The thing is, growing up in California, there’s nothing like Knoxville for Sanders to relate with, much less half-miles in general. California’s bullrings raise the tenacious and relentless type, while Knoxville’s sweeping and flat corners require a different kind of precision.

“It’s all about how you angle your car into the corner and how you use your feet,” Sanders said. “It’s all about that. I finally started I’d say 10 laps into that feature getting my elbows in and not even turning my wheel, but almost leaning my head toward the corner. It’s so technical, especially to hit the bottom.

“I never would have dreamed I’d lock into the Knoxville Nationals. I never even thought I’d come out here and run this race,” Sanders said. “I would have been good enough to come here and compete, because it’s always in the back of your mind — a guy from California racing short-tracks, this is like third or fourth time I’m on a half-mile. So, it’s like, I don’t know. I’m speechless. Kevin, he took a chance on a kid who’s hardly been on a half-mile.”

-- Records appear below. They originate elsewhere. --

(* Let $F$ be a finite-dimensional subspace of $c_0$. Then there exists $k\in\mathbb N$ such that $F$ has property-$(k-U)$ in $c_0$.
   Context: $c_0$ carries the sup norm. For a closed subspace $Y$ of $X$ and $y^*\in Y^*$, $HB(y^* )=\{x^*\in X^*:x^*|_Y=y^*,\ \|x^*\|=\|y^*\|\}$; for a set $A$ and $a\in A$, $\dim A=\dim\operatorname{span}(A-a)$. $Y$ has property-$(k-U)$ in $X$ if $\dim HB(y^* )\le k-1$ for all $y^*\in S_{Y^*}$. *)

theory Defs
  imports "HOL-Analysis.Analysis"
begin

typedef c0 = "{f :: nat \<Rightarrow>\<^sub>C real. (\<lambda>n. apply_bcontfun f n) \<longlonglongrightarrow> 0}"
  morphisms Rep_c0 Abs_c0
  by (rule exI[of _ 0]) simp

setup_lifting type_definition_c0

instantiation c0 :: real_vector
begin
lift_definition zero_c0 :: c0 is "0" by simp
lift_definition plus_c0 :: "c0 \<Rightarrow> c0 \<Rightarrow> c0" is "(+)"
  by (simp add: tendsto_add_zero)
lift_definition minus_c0 :: "c0 \<Rightarrow> c0 \<Rightarrow> c0" is "(-)"
  by (simp add: tendsto_diff[where a=0 and b=0, simplified])
lift_definition uminus_c0 :: "c0 \<Rightarrow> c0" is "uminus"
  by (simp add: tendsto_minus[where a=0, simplified])
lift_definition scaleR_c0 :: "real \<Rightarrow> c0 \<Rightarrow> c0" is "scaleR"
  by (simp add: tendsto_mult_right_zero)
instance
  by standard (transfer; simp add: algebra_simps scaleR_add_right scaleR_add_left)+
end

Sanders last year accumulated 21 overall wins between 360 and 410 Sprint Cars, one triumph behind Dominic Scelzi for most overall wins in the sport nationally, so the Knoxville rookie knows his way forward.

On Saturday, Sanders is just along for the ride — however long that’ll be.

"I think I should just start and park,” Sanders started, “and go to Dingus (Lounge) and say I won."

BROADCAST INFORMATION, START TIMES

Championship Saturday for the Knoxville Nationals will air on DIRTVision. Annual subscribers have the event included in their subscription, while monthly subscribers and non subscribers will need to purchase the Nationals as an add-on.

Saturday's single day PPV pass is $49.99. The annual platinum pass, which includes every World of Outlaws Sprint Car and Late Model race, in addition to numerous weekly track schedules, is $299.99.

Track action begins at 7:45 p.m. ET with E-main and D-main hot laps with the next scheduled race and hot laps for that race alternating thereafter. Each main will take the top four finishers to the back of the next feature until the field is whittled down to the 24 main event starters.